ClinicalTrials.Veeva

Menu

Dendritic Cells (DC) Vaccine for Metastatic Melanoma

J

John Kirkwood

Status and phase

Terminated
Phase 2

Conditions

Metastatic Melanoma

Treatments

Biological: Vaccination

Study type

Interventional

Funder types

Other
NIH

Identifiers

NCT01042366
5P01CA073743 (U.S. NIH Grant/Contract)
UPCI 01-171

Details and patient eligibility

About

The purpose of this study is to determine what effect using an experimental tumor vaccine (a substance or group of substances meant to cause the immune system to respond to a tumor) made using patients' own tumor cells and blood cells will have on their melanoma.

Full description

Historically, metastatic melanoma has been associated with a poor prognosis.
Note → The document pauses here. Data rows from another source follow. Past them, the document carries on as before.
(* Let $K$ be a field and $E$ a row-finite graph with a fixed choice of special edges. Let $x=x_1\dots x_m$ ($m\ge 1$) be a cycle in $E$ all of whose edges are special and which has an exit. Let $(F_x,\phi_x)$ be the extended representation graph associated to $x$ (regarded as a closed path in $E_d$ consisting only of real edges), and let $W=W(F_x,\phi_x)$ be the associated right $L(E)$-module. Then $W$ is not a simple $L(E)$-module, and $\operatorname{End}_{L(E)}(W)\cong K$ as rings.
   Context: Let $E=(E^0,E^1,s,r)$ be a row-finite directed graph (no vertex emits infinitely many edges). A vertex is regular if it emits at least one edge. For every regular vertex $v$ a fixed edge $e^v\in s^{-1}(v)$ is chosen; these edges are called special, all other edges nonspecial. A path of length $n\ge 1$ is a word $y_1\dots y_n$ of edges with $r(y_i)=s(y_{i+1})$; a path of length $0$ is a vertex $v$ with $s(v)=r(v)=v$. A cycle is a path $x_1\dots x_m$ of length $\ge1$ with $s(x_1)=r(x_m)$ and $s(x_i)\ne s(x_j)$ for $i\neq j$; an exit of it is an edge $e$ with $s(e)=s(x_i)$ and $e\ne x_i$ for some $i$. The double graph $E_d$ has vertex set $E^0$ and edges $\{e,e^*: e\in E^1\}$ with $s_d(e)=s(e)$, $r_d(e)=r(e)$, $s_d(e^* )=r(e)$, $r_d(e^* )=s(e)$; the $e$ are real edges, the $e^*$ ghost edges. For a path $p=e_1\dots e_n$ in $E$ set $p^*=e_n^*\dots e_1^*$. The set $X$ of basis paths consists of the following paths in $E_d$: all vertices $v\in E^0$; all $p$ and $p^*$ with $p$ a path of length $\ge1$ in $E$; all $pq^*$ with $p=e_1\dots e_k$, $q=f_1\dots f_n$ paths of length $\ge 1$ in $E$, $r(p)=r(q)$, and either $e_k\ne f_n$ or $e_k=f_n$ nonspecial. The Leavitt path algebra $L(E)$ is the $K$-algebra generated by $\{v,e,e^*: v\in E^0,e\in E^1\}$ subject to $uv=\delta_{uv}u$; $s(e)e=e=er(e)$, $r(e)e^*=e^*=e^*s(e)$; $e^*f=\delta_{ef}r(e)$; and $\sum_{e\in s^{-1}(v)}ee^*=v$ for every regular $v$. For $x=x_1\dots x_m$ a closed path of length $\ge1$ in $E_d$ consisting only of real edges (or only of ghost edges), and $1\le i\le m$, let $X_i$ be the set of basis paths $y=y_1\dots y_n$ of length $n\ge 1$ such that $x_iy_1$ is a basis path and $y_1\ne x_{i+1}$ (with $x_{m+1}=x_1$). The graph $F_x$ has vertices $w_i$ ($1\le i\le m$) and $w_{i,y}$ ($1\le i\le m$, $y\in X_i$), all distinct, and edges $f_i$ from $w_{i-1}$ to $w_i$ (with $w_0=w_m$) and $f_{i,y}$ with range $w_{i,y}$ and source $w_i$ if $|y|=1$, resp. $w_{i,y_1\dots y_{n-1}}$ if $y=y_1\dots y_n$, $n\ge2$. The homomorphism $\phi_x:F_x\to E_d$ is given by $\phi_x(w_i)=r_d(x_i)$, $\phi_x(w_{i,y})=r_d(y)$, $\phi_x(f_i)=x_i$, $\phi_x(f_{i,y})=$ the last edge of $y$. For such a pair $(F,\phi)$ (a graph $F$ with a graph homomorphism $\phi:F\to E_d$), $W(F,\phi)$ is the $K$-vector space with basis $F^0$, made into a right $L(E)$-module by the following action on basis vertices $w\in F^0$ (for $v\in E^0$, $e\in E^1$): $w.v=w$ if $\phi(w)=v$ and $0$ otherwise; $w.e=r(f)$ if some $f\in s^{-1}(w)$ has $\phi(f)=e$, $w.e=s(f)$ if some $f\in r^{-1}(w)$ has $\phi(f)=e^*$, and $w.e=0$ otherwise; $w.e^*=r(f)$ if some $f\in s^{-1}(w)$ has $\phi(f)=e^*$, $w.e^*=s(f)-T$ if $e$ is special and some $f\in r^{-1}(w)$ has $\phi(f)=e$, where $T=\sum r(p)$ over all paths $p$ in $F$ starting at $s(f)$ with $\phi(p)=dd^*$ for some $d\in s^{-1}(s(e))\setminus\{e\}$, and $w.e^*=0$ otherwise. (This extends uniquely to a right $L(E)$-module structure.) *)

theory Defs
  imports Main "HOL-Library.Function_Algebras"
begin

record ('v,'e) dgraph =
  verts :: "'v set"
  edges :: "'e set"
  src   :: "'e \<Rightarrow> 'v"
  rng   :: "'e \<Rightarrow> 'v"

definition wf_graph :: "('v,'e) dgraph \<Rightarrow> bool" where
  "wf_graph E \<longleftrightarrow> (\<forall>e\<in>edges E. src E e \<in> verts E \<and> rng E e \<in> verts E)"

definition row_finite :: "('v,'e) dgraph \<Rightarrow> bool" where
  "row_finite E \<longleftrightarrow> (\<forall>v\<in>verts E. finite {e\<in>edges E. src E e = v})"

definition regular :: "('v,'e) dgraph \<Rightarrow> 'v \<Rightarrow> bool" where
  "regular E v \<longleftrightarrow> v \<in> verts E \<and> (\<exists>e\<in>edges E. src E e = v)"

definition special_choice :: "('v,'e) dgraph \<Rightarrow> ('v \<Rightarrow> 'e) \<Rightarrow> bool" where
  "special_choice E sp \<longleftrightarrow>
     (\<forall>v. regular E v \<longrightarrow> sp v \<in> edges E \<and> src E (sp v) = v)"

definition special :: "('v,'e) dgraph \<Rightarrow> ('v \<Rightarrow> 'e) \<Rightarrow> 'e \<Rightarrow> bool" where
  "special E sp e \<longleftrightarrow> e \<in> edges E \<and> sp (src E e) = e"

definition is_cycle :: "('v,'e) dgraph \<Rightarrow> 'e list \<Rightarrow> bool" where
  "is_cycle E x \<longleftrightarrow> x \<noteq> [] \<and> set x \<subseteq> edges E
     \<and> (\<forall>j. Suc j < length x \<longrightarrow> rng E (x!j) = src E (x!Suc j))
     \<and> src E (hd x) = rng E (last x)
     \<and> inj_on (\<lambda>j. src E (x!j)) {..<length x}"

definition has_exit :: "('v,'e) dgraph \<Rightarrow> 'e list \<Rightarrow> bool" where
  "has_exit E x \<longleftrightarrow> (\<exists>e\<in>edges E. \<exists>i<length x. src E e = src E (x!i) \<and> e \<noteq> x!i)"

datatype 'e dedge = Real 'e | Ghost 'e

fun d_src :: "('v,'e) dgraph \<Rightarrow> 'e dedge \<Rightarrow> 'v" where
  "d_src E (Real e) = src E e"
| "d_src E (Ghost e) = rng E e"

fun d_rng :: "('v,'e) dgraph \<Rightarrow> 'e dedge \<Rightarrow> 'v" where
  "d_rng E (Real e) = rng E e"
| "d_rng E (Ghost e) = src E e"

fun d_base :: "'e dedge \<Rightarrow> 'e" where
  "d_base (Real e) = e"
| "d_base (Ghost e) = e"

definition d_path :: "('v,'e) dgraph \<Rightarrow> 'e dedge list \<Rightarrow> bool" where
  "d_path E ys \<longleftrightarrow> ys \<noteq> [] \<and> (\<forall>y\<in>set ys. d_base y \<in> edges E)
     \<and> (\<forall>j. Suc j < length ys \<longrightarrow> d_rng E (ys!j) = d_src E (ys!Suc j))"

definition basis_path :: "('v,'e) dgraph \<Rightarrow> ('v \<Rightarrow> 'e) \<Rightarrow> 'e dedge list \<Rightarrow> bool" where
  "basis_path E sp ys \<longleftrightarrow> d_path E ys \<and>
     (\<exists>p q. ys = map Real p @ map Ghost (rev q) \<and>
        (p = [] \<or> q = [] \<or> last p \<noteq> last q \<or> \<not> special E sp (last p)))"

datatype 'e fvert = Wm nat | Wb nat "'e dedge list"
datatype 'e fedge = Fm nat | Fb nat "'e dedge list"

text \<open>x_i for 1 \<le> i \<le> m, with x_{m+1} = x_1 and w_0 = w_m.\<close>
definition cyc_nth :: "'e list \<Rightarrow> nat \<Rightarrow> 'e" where
  "cyc_nth x i = x ! ((i - 1) mod length x)"

definition Xset :: "('v,'e) dgraph \<Rightarrow> ('v \<Rightarrow> 'e) \<Rightarrow> 'e list \<Rightarrow> nat \<Rightarrow> 'e dedge list set" where
  "Xset E sp x i = {y. basis_path E sp y \<and> basis_path E sp [Real (cyc_nth x i), hd y]
                      \<and> hd y \<noteq> Real (cyc_nth x (Suc i))}"

definition Fx :: "('v,'e) dgraph \<Rightarrow> ('v \<Rightarrow> 'e) \<Rightarrow> 'e list \<Rightarrow> ('e fvert, 'e fedge) dgraph" where
  "Fx E sp x = \<lparr>
     verts = {Wm i | i. 1 \<le> i \<and> i \<le> length x}
             \<union> {Wb i y | i y. 1 \<le> i \<and> i \<le> length x \<and> y \<in> Xset E sp x i},
     edges = {Fm i | i. 1 \<le> i \<and> i \<le> length x}
             \<union> {Fb i y | i y. 1 \<le> i \<and> i \<le> length x \<and> y \<in> Xset E sp x i},
     src = (\<lambda>f. case f of
              Fm i \<Rightarrow> Wm (if i = 1 then length x else i - 1)
            | Fb i y \<Rightarrow> (if length y = 1 then Wm i else Wb i (butlast y))),
     rng = (\<lambda>f. case f of Fm i \<Rightarrow> Wm i | Fb i y \<Rightarrow> Wb i y) \<rparr>"

definition phiV_x :: "('v,'e) dgraph \<Rightarrow> 'e list \<Rightarrow> 'e fvert \<Rightarrow> 'v" where
  "phiV_x E x w = (case w of Wm i \<Rightarrow> rng E (cyc_nth x i) | Wb i y \<Rightarrow> d_rng E (last y))"

definition phiE_x :: "'e list \<Rightarrow> 'e fedge \<Rightarrow> 'e dedge" where
  "phiE_x x f = (case f of Fm i \<Rightarrow> Real (cyc_nth x i) | Fb i y \<Rightarrow> last y)"

text \<open>W(F,phi): the K-vector space with basis F^0, realised as finitely supported
  functions F^0 \<rightarrow> K.\<close>
definition Wsp :: "('w,'f) dgraph \<Rightarrow> ('w \<Rightarrow> 'k::field) set" where
  "Wsp F = {c. {w. c w \<noteq> 0} \<subseteq> verts F \<and> finite {w. c w \<noteq> 0}}"

definition bvec :: "'w \<Rightarrow> 'w \<Rightarrow> 'k::field" where
  "bvec w = (\<lambda>u. if u = w then 1 else 0)"

text \<open>Generators of L(E): vertices v, real edges e, ghost edges e*.\<close>
datatype ('v,'e) gen = Gv 'v | Ge 'e | Gs 'e

definition gens :: "('v,'e) dgraph \<Rightarrow> ('v,'e) gen set" where
  "gens E = Gv ` verts E \<union> Ge ` edges E \<union> Gs ` edges E"

definition Tsum :: "('v,'e) dgraph \<Rightarrow> ('w,'f) dgraph \<Rightarrow> ('f \<Rightarrow> 'e dedge)
                    \<Rightarrow> 'e \<Rightarrow> 'f \<Rightarrow> 'w \<Rightarrow> 'k::field" where
  "Tsum E F phiE e f = (\<lambda>u. of_nat (card {(g1,g2). g1 \<in> edges F \<and> g2 \<in> edges F
        \<and> src F g1 = src F f \<and> rng F g1 = src F g2 \<and> rng F g2 = u
        \<and> (\<exists>d\<in>edges E. src E d = src E e \<and> d \<noteq> e
             \<and> phiE g1 = Real d \<and> phiE g2 = Ghost d)}))"

definition gen_act :: "('v,'e) dgraph \<Rightarrow> ('v \<Rightarrow> 'e) \<Rightarrow> ('w,'f) dgraph \<Rightarrow> ('w \<Rightarrow> 'v)
     \<Rightarrow> ('f \<Rightarrow> 'e dedge) \<Rightarrow> 'w \<Rightarrow> ('v,'e) gen \<Rightarrow> ('w \<Rightarrow> 'k::field)" where
  "gen_act E sp F phiV phiE w g = (case g of
     Gv v \<Rightarrow> (if phiV w = v then bvec w else 0)
   | Ge e \<Rightarrow>
       (if \<exists>f\<in>edges F. src F f = w \<and> phiE f = Real e
        then bvec (rng F (SOME f. f \<in> edges F \<and> src F f = w \<and> phiE f = Real e))
        else if \<exists>f\<in>edges F. rng F f = w \<and> phiE f = Ghost e
        then bvec (src F (SOME f. f \<in> edges F \<and> rng F f = w \<and> phiE f = Ghost e))
        else 0)
   | Gs e \<Rightarrow>
       (if \<exists>f\<in>edges F. src F f = w \<and> phiE f = Ghost e
        then bvec (rng F (SOME f. f \<in> edges F \<and> src F f = w \<and> phiE f = Ghost e))
        else if special E sp e \<and> (\<exists>f\<in>edges F. rng F f = w \<and> phiE f = Real e)
        then (let f = (SOME f. f \<in> edges F \<and> rng F f = w \<and> phiE f = Real e)
              in bvec (src F f) - Tsum E F phiE e f)
        else 0))"

definition lin_act :: "('v,'e) dgraph \<Rightarrow> ('v \<Rightarrow> 'e) \<Rightarrow> ('w,'f) dgraph \<Rightarrow> ('w \<Rightarrow> 'v)
     \<Rightarrow> ('f \<Rightarrow> 'e dedge) \<Rightarrow> ('v,'e) gen \<Rightarrow> ('w \<Rightarrow> 'k::field) \<Rightarrow> ('w \<Rightarrow> 'k)" where
  "lin_act E sp F phiV phiE g c =
     (\<lambda>u. \<Sum>w\<in>{w. c w \<noteq> 0}. c w * gen_act E sp F phiV phiE w g u)"

text \<open>L(E)-submodules of W(F,phi): K-subspaces closed under the action of the
  generators of L(E) (equivalently, of all of L(E), which they generate as an algebra).\<close>
definition submodule :: "('v,'e) dgraph \<Rightarrow> ('v \<Rightarrow> 'e) \<Rightarrow> ('w,'f) dgraph \<Rightarrow> ('w \<Rightarrow> 'v)
     \<Rightarrow> ('f \<Rightarrow> 'e dedge) \<Rightarrow> ('w \<Rightarrow> 'k::field) set \<Rightarrow> bool" where
  "submodule E sp F phiV phiE U \<longleftrightarrow> U \<subseteq> Wsp F \<and> 0 \<in> U
     \<and> (\<forall>c\<in>U. \<forall>d\<in>U. c + d \<in> U) \<and> (\<forall>a. \<forall>c\<in>U. (\<lambda>u. a * c u) \<in> U)
     \<and> (\<forall>g\<in>gens E. \<forall>c\<in>U. lin_act E sp F phiV phiE g c \<in> U)"

definition simple_module :: "('v,'e) dgraph \<Rightarrow> ('v \<Rightarrow> 'e) \<Rightarrow> ('w,'f) dgraph \<Rightarrow> ('w \<Rightarrow> 'v)
     \<Rightarrow> ('f \<Rightarrow> 'e dedge) \<Rightarrow> 'k::field itself \<Rightarrow> bool" where
  "simple_module E sp F phiV phiE (_::'k itself) \<longleftrightarrow>
     (Wsp F :: ('w \<Rightarrow> 'k) set) \<noteq> {0} \<and>
     (\<forall>U :: ('w \<Rightarrow> 'k) set. submodule E sp F phiV phiE U \<longrightarrow> U = {0} \<or> U = Wsp F)"

definition End_mod :: "('v,'e) dgraph \<Rightarrow> ('v \<Rightarrow> 'e) \<Rightarrow> ('w,'f) dgraph \<Rightarrow> ('w \<Rightarrow> 'v)
     \<Rightarrow> ('f \<Rightarrow> 'e dedge) \<Rightarrow> (('w \<Rightarrow> 'k::field) \<Rightarrow> ('w \<Rightarrow> 'k)) set" where
  "End_mod E sp F phiV phiE = {h.
      (\<forall>c\<in>Wsp F. h c \<in> Wsp F)
    \<and> (\<forall>c\<in>Wsp F. \<forall>d\<in>Wsp F. h (c + d) = h c + h d)
    \<and> (\<forall>a. \<forall>c\<in>Wsp F. h (\<lambda>u. a * c u) = (\<lambda>u. a * h c u))
    \<and> (\<forall>g\<in>gens E. \<forall>c\<in>Wsp F. h (lin_act E sp F phiV phiE g c) = lin_act E sp F phiV phiE g (h c))
    \<and> (\<forall>c. c \<notin> Wsp F \<longrightarrow> h c = undefined)}"

text \<open>Ring isomorphism K \<cong> End (ring structure of End: pointwise sum, composition, identity).\<close>
definition ring_iso_to_End :: "('w,'f) dgraph \<Rightarrow> (('w \<Rightarrow> 'k::field) \<Rightarrow> ('w \<Rightarrow> 'k)) set
      \<Rightarrow> ('k \<Rightarrow> (('w \<Rightarrow> 'k) \<Rightarrow> ('w \<Rightarrow> 'k))) \<Rightarrow> bool" where
  "ring_iso_to_End F End \<Phi> \<longleftrightarrow> bij_betw \<Phi> UNIV End
     \<and> (\<forall>a b. \<forall>c\<in>Wsp F. \<Phi> (a + b) c = \<Phi> a c + \<Phi> b c)
     \<and> (\<forall>a b. \<forall>c\<in>Wsp F. \<Phi> (a * b) c = \<Phi> a (\<Phi> b c))
     \<and> (\<forall>c\<in>Wsp F. \<Phi> 1 c = c)"

end

theory Submission
  imports Defs
begin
Recently, numerous immunotherapeutic agents, particularly checkpoint inhibitors, have moved to the forefront of therapy. Checkpoint inhibitors such as ipilimumab, pembrolizumab, and nivolumab have revolutionized the treatment of melanoma. Despite this, not all patients respond to checkpoint inhibitors, and even patients who initially respond to checkpoint inhibitor therapy often later relapse (median response duration of 2 years); complete responses remain uncommon. Thus, more effective immunotherapies are clearly needed.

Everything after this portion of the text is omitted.